I'm stuck here. I was wondering if I could use one of the properties of the symmetric functions integral there:

  • If $ f $ is then just $ int _ {- a} ^ f (x) ; mathrm {d} x = 2 int_ {0} ^ a f (x) ; mathrm {d} x $
  • If $ f $ is so strange $ int _ {- a} ^ a f (x) ; mathrm {d} x = 0 $

To let $ h (u) = ue ^ {u ^ 2} $, then $ h (-u) = – ue ^ {(- u) ^ 2} = – ue ^ {u ^ 2} $, That's why it's strange. So I can use the second property and close it $ int_0 ^ 2 (x-1) e ^ {(x-1) ^ 2} ; mathrm {d} x = int _ {- 1} ^ 1 ue ^ {u ^ 2} ; mathrm {d} u = 0 $???

Or do I have a second substitution? $ int _ {- 1} ^ 1 ue ^ {u ^ 2} ; mathrm {d} u $?

$ v = u ^ 2 $, so $ dv = 2u you $. $ frac {1} {2} dv = u you $

$ v = (1) ^ 2 = 1 $ and $ v = (- 1) ^ 2 = 1 $

Then,

$$ int_0 ^ 2 (x-1) e ^ {(x-1) ^ 2} ; mathrm {d} x $$
$$ = int _ {- 1} ^ 1 ue ^ {u ^ 2} ; mathrm {d} u $$
$$ = int_ {1} ^ 1 e ^ {v} cdot frac {1} {2} mathrm {d} v $$
$$ = frac {1} {2} int_ {1} ^ 1 e ^ {v} mathrm {d} v $$
$$ = tfrac {1} {2} [e^{v}] Big | _ {1} ^ 1 $$
$$ = tfrac {1} {2} [e^{1}-e^{1}]$$
$$ = tfrac {1} {2} [e-e]$$
$$ = tfrac {1} {2} [0]$$
$$ = 0 $$

Are these analyzes okay? If so, which: integral of the properties of symmetric functions or second substitution, or both? If not, how can I work with it? Thank you in advance.

Trigonometry – adding trigger functions with different frequencies

This is not possible in general. Think of the case $ C_1 = 1, C_2 = 0, omega = 1 $, Then you have to write
$$
cos t = A cos (t + pi / 4) + B cos (2t + pi / 4)
$$

The left side has no frequency $ 2t $ Stuff, so $ B $ must be zero (this requires a little bit of proof, but not much). But that leaves you
$$
cos t = A cos (t + pi / 4).
$$

There is no value of $ A $ This is true as you can see in the rating $ t = pi / 4, 3 pi / 4 $,

postgresql – Filter sorted overlapping areas with window functions

I have the following record:

layer int
Period tstzrange

I want to select all periods (from any level) that do not overlap with a period in the lower level. In other words, a period of layer 1 eliminates a period of layer 2 if they overlap.

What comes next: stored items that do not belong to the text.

(* Let $\mathcal E$ be a finite dimensional Hilbert space and let $\psi_1\in\mathcal C$ satisfy $$0\ge\operatorname{Re}\big[(\psi_1(z)+I)(\psi_1(z)-I)^{-1}\big]\ge\operatorname{Re}\big[(z+1)(z-1)^{-1}\big]I\quad\text{for all }z\in\mathbb D. \quad ( * )$$ Then there exists a unique $\psi_2\in\mathcal C$ satisfying $( * )$ (with $\psi_2$ in place of $\psi_1$) such that $(\psi_1,\psi_2)$ is a factorizing pair.
   Context: $\mathbb D$ is the open unit disc, $H^2_{\mathbb D}(\mathcal E)$ the $\mathcal E$-valued Hardy space, $M_\psi$ multiplication by $\psi$, and $\operatorname{Re}X=(X+X^* )/2$. $\mathcal C=\{\psi\in H^\infty_{\mathbb D}(\mathcal B(\mathcal E)):\sup_z\|\psi(z)\|\le1,\ 1\text{ is not an eigenvalue of }\psi(z)\text{ for any }z\in\mathbb D\}$. $\varphi_t(\lambda)=e^{t\frac{\lambda+1}{\lambda-1}}$, $(\varphi_t\circ\psi)(z)=\varphi_t(\psi(z))$, $\mathfrak z^{\mathcal E}(w)=wI_{\mathcal E}$. A pair $(\psi_1,\psi_2)$ in $\mathcal C$ is a factorizing pair if $M_{\varphi_t\circ\psi_1}M_{\varphi_t\circ\psi_2}=M_{\varphi_t\circ\psi_2}M_{\varphi_t\circ\psi_1}=M_{\varphi_t\circ\mathfrak z^{\mathcal E}}$ for all $t\ge0$. *)

theory Defs
  imports "HOL-Analysis.Analysis"
begin

text \<open>The finite-dimensional Hilbert space E is modelled as complex^'n for a finite type 'n;
  operators on E are complex matrices complex^'n^'n acting by *v.\<close>

type_synonym 'n op = "complex^'n^'n"

definition unit_disc :: "complex set" where
  "unit_disc = ball 0 1"

definition smat :: "complex \<Rightarrow> 'n::finite op \<Rightarrow> 'n op" where
  "smat c A = (\<chi> i j. c * A $ i $ j)"

definition adj :: "'n::finite op \<Rightarrow> 'n op" where
  "adj A = (\<chi> i j. cnj (A $ j $ i))"

definition op_re :: "'n::finite op \<Rightarrow> 'n op" where
  "op_re X = smat (1/2) (X + adj X)"

definition op_norm :: "'n::finite op \<Rightarrow> real" where
  "op_norm A = onorm (\<lambda>x. A *v x)"

definition loewner_le :: "'n::finite op \<Rightarrow> 'n op \<Rightarrow> bool" where
  "loewner_le A B \<longleftrightarrow>
     (\<forall>x::complex^'n. let q = (\<Sum>i\<in>UNIV. cnj (x $ i) * ((B - A) *v x) $ i)
                     in Im q = 0 \<and> Re q \<ge> 0)"

fun mpow :: "'n::finite op \<Rightarrow> nat \<Rightarrow> 'n op" where
  "mpow A 0 = mat 1"
| "mpow A (Suc k) = A ** mpow A k"

definition mexp :: "'n::finite op \<Rightarrow> 'n op" where
  "mexp A = (\<Sum>k. smat (inverse (of_nat (fact k))) (mpow A k))"

definition cayley :: "'n::finite op \<Rightarrow> 'n op" where
  "cayley A = (A + mat 1) ** matrix_inv (A - mat 1)"

text \<open>phi_t(A) = exp(t (A+I)(A-I)^{-1}) (holomorphic functional calculus of
  phi_t(lambda) = e^{t(lambda+1)/(lambda-1)}, for A without eigenvalue 1).\<close>
definition phi :: "real \<Rightarrow> 'n::finite op \<Rightarrow> 'n op" where
  "phi t A = mexp (smat (complex_of_real t) (cayley A))"

definition phi_comp :: "real \<Rightarrow> (complex \<Rightarrow> 'n::finite op) \<Rightarrow> complex \<Rightarrow> 'n op" where
  "phi_comp t \<psi> = (\<lambda>z. phi t (\<psi> z))"

definition zE :: "complex \<Rightarrow> 'n::finite op" where
  "zE z = mat z"

definition Hinf :: "(complex \<Rightarrow> 'n::finite op) set" where
  "Hinf = {\<psi>. (\<forall>i j. (\<lambda>z. \<psi> z $ i $ j) holomorphic_on unit_disc)
              \<and> (\<exists>B. \<forall>z\<in>unit_disc. op_norm (\<psi> z) \<le> B)}"

definition classC :: "(complex \<Rightarrow> 'n::finite op) set" where
  "classC = {\<psi>. \<psi> \<in> Hinf \<and> (\<forall>z\<in>unit_disc. op_norm (\<psi> z) \<le> 1)
               \<and> (\<forall>z\<in>unit_disc. \<not> (\<exists>x. x \<noteq> 0 \<and> \<psi> z *v x = x))}"

definition H2 :: "(complex \<Rightarrow> complex^'n::finite) set" where
  "H2 = {f. (\<forall>i. (\<lambda>z. f z $ i) holomorphic_on unit_disc)
           \<and> (\<forall>z. z \<notin> unit_disc \<longrightarrow> f z = 0)
           \<and> (\<exists>B. \<forall>r. 0 < r \<and> r < 1 \<longrightarrow>
                 (\<lambda>\<theta>. (norm (f (of_real r * cis \<theta>)))\<^sup>2) integrable_on {0..2*pi}
               \<and> integral {0..2*pi} (\<lambda>\<theta>. (norm (f (of_real r * cis \<theta>)))\<^sup>2) \<le> B)}"

definition Mult :: "(complex \<Rightarrow> 'n::finite op) \<Rightarrow> (complex \<Rightarrow> complex^'n) \<Rightarrow> (complex \<Rightarrow> complex^'n)" where
  "Mult \<psi> f = (\<lambda>z. if z \<in> unit_disc then \<psi> z *v f z else 0)"

definition op_eq_H2 :: "((complex \<Rightarrow> complex^'n::finite) \<Rightarrow> (complex \<Rightarrow> complex^'n))
     \<Rightarrow> ((complex \<Rightarrow> complex^'n) \<Rightarrow> (complex \<Rightarrow> complex^'n)) \<Rightarrow> bool" where
  "op_eq_H2 S T \<longleftrightarrow> (\<forall>f\<in>H2. S f = T f)"

definition factorizing_pair :: "(complex \<Rightarrow> 'n::finite op) \<Rightarrow> (complex \<Rightarrow> 'n op) \<Rightarrow> bool" where
  "factorizing_pair \<psi>1 \<psi>2 \<longleftrightarrow> \<psi>1 \<in> classC \<and> \<psi>2 \<in> classC \<and>
     (\<forall>t::real. t \<ge> 0 \<longrightarrow>
        op_eq_H2 (Mult (phi_comp t \<psi>1) \<circ> Mult (phi_comp t \<psi>2)) (Mult (phi_comp t zE))
      \<and> op_eq_H2 (Mult (phi_comp t \<psi>2) \<circ> Mult (phi_comp t \<psi>1)) (Mult (phi_comp t zE)))"

definition cond_star :: "(complex \<Rightarrow> 'n::finite op) \<Rightarrow> bool" where
  "cond_star \<psi> \<longleftrightarrow> (\<forall>z\<in>unit_disc.
      loewner_le (op_re (cayley (\<psi> z))) 0
    \<and> loewner_le (mat (complex_of_real (Re ((z + 1) / (z - 1))))) (op_re (cayley (\<psi> z))))"

end

theory Submission
  imports Defs
begin

text \<open>
  Write C(A) = (A + I)(A - I)\<inverse> for the Cayley transform, so that \<phi>_t(A) = exp (t C(A)) and
  C(z I) = w(z) I with w(z) = (z + 1)/(z - 1). On matrices without eigenvalue 1 the Cayley
  transform is an involution. Condition (*) says that both C(\<psi>(z)) and w(z) I - C(\<psi>(z)) are
  dissipative, and a pair in the class is factorizing exactly when C(\<psi>1(z)) + C(\<psi>2(z)) = w(z) I:
  if the sum is scalar, the two exponentials commute and multiply to exp (t w(z)) I; conversely,
  differentiating the product identity at t = 0 recovers the sum. So \<psi>2 is forced to be
  C(w I - C(\<psi>1)). It lies in the class because the Cayley transform of a dissipative matrix is a
  contraction without eigenvalue 1, and it satisfies (*) because (*) is symmetric under
  C \<mapsto> w I - C.
\<close>

lemma exp_scaleR_mult_eq_imp_add_eq:
  fixes a b c :: "'a::{real_normed_algebra_1,banach}"
  assumes "\<And>t. t \<ge> 0 \<Longrightarrow> exp (t *\<^sub>R a) * exp (t *\<^sub>R b) = exp (t *\<^sub>R c)"
  shows "a + b = c"
proof -
  have "((\<lambda>t. exp (t *\<^sub>R a) * exp (t *\<^sub>R b)) has_vector_derivative
      exp (0 *\<^sub>R a) * (exp (0 *\<^sub>R b) * b) + exp (0 *\<^sub>R a) * a * exp (0 *\<^sub>R b))
      (at 0 within {0..})"
    by (intro has_vector_derivative_mult exp_scaleR_has_vector_derivative_right)
  then have "((\<lambda>t. exp (t *\<^sub>R a) * exp (t *\<^sub>R b)) has_vector_derivative b + a) (at 0 within {0..})"
    by simp
  then have "((\<lambda>t. exp (t *\<^sub>R c)) has_vector_derivative b + a) (at 0 within {0..})"
    by (rule has_vector_derivative_transform_within[where d = 1]) (auto simp: assms)
  moreover have "((\<lambda>t. exp (t *\<^sub>R c)) has_vector_derivative c) (at 0 within {0..})"
    using exp_scaleR_has_vector_derivative_right[where A = c and t = 0] by simp
  moreover have "at (0::real) within {0..} \<noteq> bot"
    by (simp add: at_within_Ici_at_right)
  ultimately show ?thesis
    by (metis vector_derivative_unique_within add.commute)
qed

lemma cayley_transform_involutive:
  fixes a b :: "'a::real_algebra_1"
  assumes "b * (a - 1) = 1" and "(a - 1) * b = 1"
  shows "((a + 1) * b - 1) * ((1/2) *\<^sub>R (a - 1)) = 1"
    and "((a + 1) * b + 1) * ((1/2) *\<^sub>R (a - 1)) = a"
proof -
  define u where "u = (1/2) *\<^sub>R (a - 1)"
  have u: "u + u = a - 1"
    by (simp add: u_def flip: scaleR_add_left)
  have "(a + 1) * b = (a - 1) * b + (b + b)"
    by (simp add: algebra_simps)
  then have c: "(a + 1) * b = 1 + (b + b)"
    using assms(2) by simp
  have "(b + b) * u = b * (u + u)"
    by (simp add: algebra_simps)
  then show "((a + 1) * b - 1) * u = 1"
    using assms(1) by (simp add: c u)
  then show "((a + 1) * b + 1) * u = a"
    by (simp add: c algebra_simps u)
qed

We can assume that two periods within the same level never overlap.

This can easily be written with the following nested loop, which basically performs an anti-join:

Select period
from t like t1
where does not exist
(
choose 1
from t like t2
where t2.layer <t1.layer and
t2.period && t1.period
)

Can this also be written via window functions?

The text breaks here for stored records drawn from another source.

(* Let $n\geq 1$ and let $C$ be a CRC in $G_n$ with covering radius $\rho\geq 1$, $a_0=0$ and $a_1=1$. Then $c_1=1$, and there is a CRC $D$ in the ternary Hamming graph $H(n,3)$ with the same parameter matrix such that $C=\{x\in\mathbb{Z}^n: (x_1\bmod 3,\ldots,x_n\bmod 3)\in D\}$.
   Context: $G_n$: vertex set $\mathbb{Z}^n$, $x\sim y$ iff $\sum_i|x_i-y_i|=1$. $H(n,3)$: vertex set $\{0,1,2\}^n$, adjacent iff differing in exactly one coordinate. For a code $C$ in a graph with covering radius $\rho$, $C_i=\{v:d(v,C)=i\}$; $C$ is a CRC if for all $i,j$ every vertex of $C_i$ has the same number $\alpha_{ij}$ of neighbours in $C_j$, with $\alpha_{ij}=0$ for $|i-j|>1$; $a_i=\alpha_{ii}$, $b_i=\alpha_{i,i+1}$, $c_i=\alpha_{i,i-1}$, and the parameter matrix is $(\alpha_{ij})$. *)

theory Defs
  imports Main
begin

fun walk :: "'a set \<Rightarrow> ('a \<Rightarrow> 'a \<Rightarrow> bool) \<Rightarrow> nat \<Rightarrow> 'a \<Rightarrow> 'a \<Rightarrow> bool" where
  "walk V E 0 u v = (u = v)"
| "walk V E (Suc k) u v = (\<exists>w\<in>V. E u w \<and> walk V E k w v)"

definition dist_to :: "'a set \<Rightarrow> ('a \<Rightarrow> 'a \<Rightarrow> bool) \<Rightarrow> 'a set \<Rightarrow> 'a \<Rightarrow> nat" where
  "dist_to V E C v = (LEAST k. \<exists>c\<in>C. walk V E k v c)"

definition has_covering_radius :: "'a set \<Rightarrow> ('a \<Rightarrow> 'a \<Rightarrow> bool) \<Rightarrow> 'a set \<Rightarrow> nat \<Rightarrow> bool" where
  "has_covering_radius V E C \<rho> \<longleftrightarrow>
     (\<forall>v\<in>V. \<exists>c\<in>C. \<exists>k. walk V E k v c) \<and>
     (\<forall>v\<in>V. dist_to V E C v \<le> \<rho>) \<and> (\<exists>v\<in>V. dist_to V E C v = \<rho>)"

definition is_CRC :: "'a set \<Rightarrow> ('a \<Rightarrow> 'a \<Rightarrow> bool) \<Rightarrow> 'a set \<Rightarrow> nat \<Rightarrow> (nat \<Rightarrow> nat \<Rightarrow> nat) \<Rightarrow> bool" where
  "is_CRC V E C \<rho> \<alpha> \<longleftrightarrow>
     C \<subseteq> V \<and> has_covering_radius V E C \<rho> \<and>
     (\<forall>i\<le>\<rho>. \<forall>j\<le>\<rho>. \<forall>v\<in>V. dist_to V E C v = i \<longrightarrow>
         card {w\<in>V. E v w \<and> dist_to V E C w = j} = \<alpha> i j) \<and>
     (\<forall>i\<le>\<rho>. \<forall>j\<le>\<rho>. (i + 1 < j \<or> j + 1 < i) \<longrightarrow> \<alpha> i j = 0)"

definition Gn_verts :: "nat \<Rightarrow> (nat \<Rightarrow> int) set" where
  "Gn_verts n = {x. \<forall>i\<ge>n. x i = 0}"

definition Gn_adj :: "nat \<Rightarrow> (nat \<Rightarrow> int) \<Rightarrow> (nat \<Rightarrow> int) \<Rightarrow> bool" where
  "Gn_adj n x y \<longleftrightarrow> (\<Sum>i<n. \<bar>x i - y i\<bar>) = 1"

definition H3_verts :: "nat \<Rightarrow> (nat \<Rightarrow> nat) set" where
  "H3_verts n = {x. (\<forall>i<n. x i < 3) \<and> (\<forall>i\<ge>n. x i = 0)}"

definition H3_adj :: "nat \<Rightarrow> (nat \<Rightarrow> nat) \<Rightarrow> (nat \<Rightarrow> nat) \<Rightarrow> bool" where
  "H3_adj n x y \<longleftrightarrow> card {i. i < n \<and> x i \<noteq> y i} = 1"

definition mod3 :: "(nat \<Rightarrow> int) \<Rightarrow> (nat \<Rightarrow> nat)" where
  "mod3 x = (\<lambda>i. nat (x i mod 3))"

end

theory Submission
  imports Defs
begin

text \<open>
  Write \<open>e\<^sub>i\<close> for the unit vectors. Since \<open>a\<^sub>0 = 0\<close>, all \<open>2n\<close> neighbours \<open>c \<plusminus> e\<^sub>i\<close> of a
  codeword \<open>c\<close> are at distance 1, and since \<open>a\<^sub>1 = 1\<close> every vertex at distance 1 has exactly
  one neighbour at distance 1. A vertex \<open>c + s e\<^sub>i + t e\<^sub>j\<close> with \<open>i \<noteq> j\<close> has the two such
  neighbours \<open>c + s e\<^sub>i\<close> and \<open>c + t e\<^sub>j\<close>, so it is not at distance 1. This forces the
  distance-1 neighbour of \<open>c + s e\<^sub>i\<close> to be \<open>c + 2s e\<^sub>i\<close>, rules out codewords at grid
  distance 2 from \<open>c\<close> (whence \<open>c\<^sub>1 = 1\<close>), and finally forces the unique codeword adjacent
  to \<open>c + 2s e\<^sub>i\<close> to be \<open>c + 3s e\<^sub>i\<close>. So \<open>C\<close> is invariant under \<open>3\<int>\<^sup>n\<close>, i.e. it is the
  preimage of its reduction \<open>D\<close> mod 3. Reduction mod 3 maps the neighbourhood of each
  grid vertex bijectively onto that of its image in \<open>H(n,3)\<close>, because \<open>x + 1\<close> and \<open>x - 1\<close> hit the two
  residues other than \<open>x mod 3\<close>; hence walks lift, distances to \<open>C\<close> and to \<open>D\<close> agree, and
  \<open>D\<close> is completely regular with the same parameters.
\<close>

lemma dist_to_le:
  assumes "walk V E k v c" and "c \<in> C"
  shows "dist_to V E C v \<le> k"
  unfolding dist_to_def by (rule Least_le) (use assms in blast)

lemma dist_to_walk:
  assumes "\<exists>c\<in>C. \<exists>k. walk V E k v c"
  shows "\<exists>c\<in>C. walk V E (dist_to V E C v) v c"
  unfolding dist_to_def by (rule LeastI_ex) (use assms in blast)

lemma dist_to_eq_0_iff:
  assumes "\<exists>c\<in>C. \<exists>k. walk V E k v c"
  shows "dist_to V E C v = 0 \<longleftrightarrow> v \<in> C"
  using dist_to_walk[OF assms] dist_to_le[of V E 0 v v C] by auto

lemma dist_to_le_Suc:
  assumes "w \<in> V" and "E v w" and "\<exists>c\<in>C. \<exists>k. walk V E k w c"
  shows "dist_to V E C v \<le> Suc (dist_to V E C w)"
proof -
  obtain c where "c \<in> C" and "walk V E (dist_to V E C w) w c"
    using dist_to_walk[OF assms(3)] by blast
  then have "walk V E (Suc (dist_to V E C w)) v c"
    using assms(1,2) by auto
  then show ?thesis
    using \<open>c \<in> C\<close> by (rule dist_to_le)
qed

section \<open>Covering maps preserve complete regularity\<close>

definition covering_map ::
  "'a set \<Rightarrow> ('a \<Rightarrow> 'a \<Rightarrow> bool) \<Rightarrow> 'b set \<Rightarrow> ('b \<Rightarrow> 'b \<Rightarrow> bool) \<Rightarrow> ('a \<Rightarrow> 'b) \<Rightarrow> bool" where
  "covering_map V E V' E' p \<longleftrightarrow>
     p ` V = V' \<and> (\<forall>x\<in>V. bij_betw p {w\<in>V. E x w} {w'\<in>V'. E' (p x) w'})"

For what it's worth, I've studied similar questions here on DBA, and in most answers the window function Delay() is used to find out if there is an earlier period that overlaps. This is useful if you can simply arrange the rows after the start time of the period. However, I believe that we have to order here on this question Shift, period, Sorting by period only would be wrong because, for example, a period of 10:00 to 12:00 in layer 2 should be considered after a period of time 11:00 to 13:00 in layer 1. Once we sort by, however Shift, period, two consecutive lines are probably / no longer necessarily linked, so I do not understand how Delay() can then be applied. I can not find an application from Delay() or other window functions to solve the problem.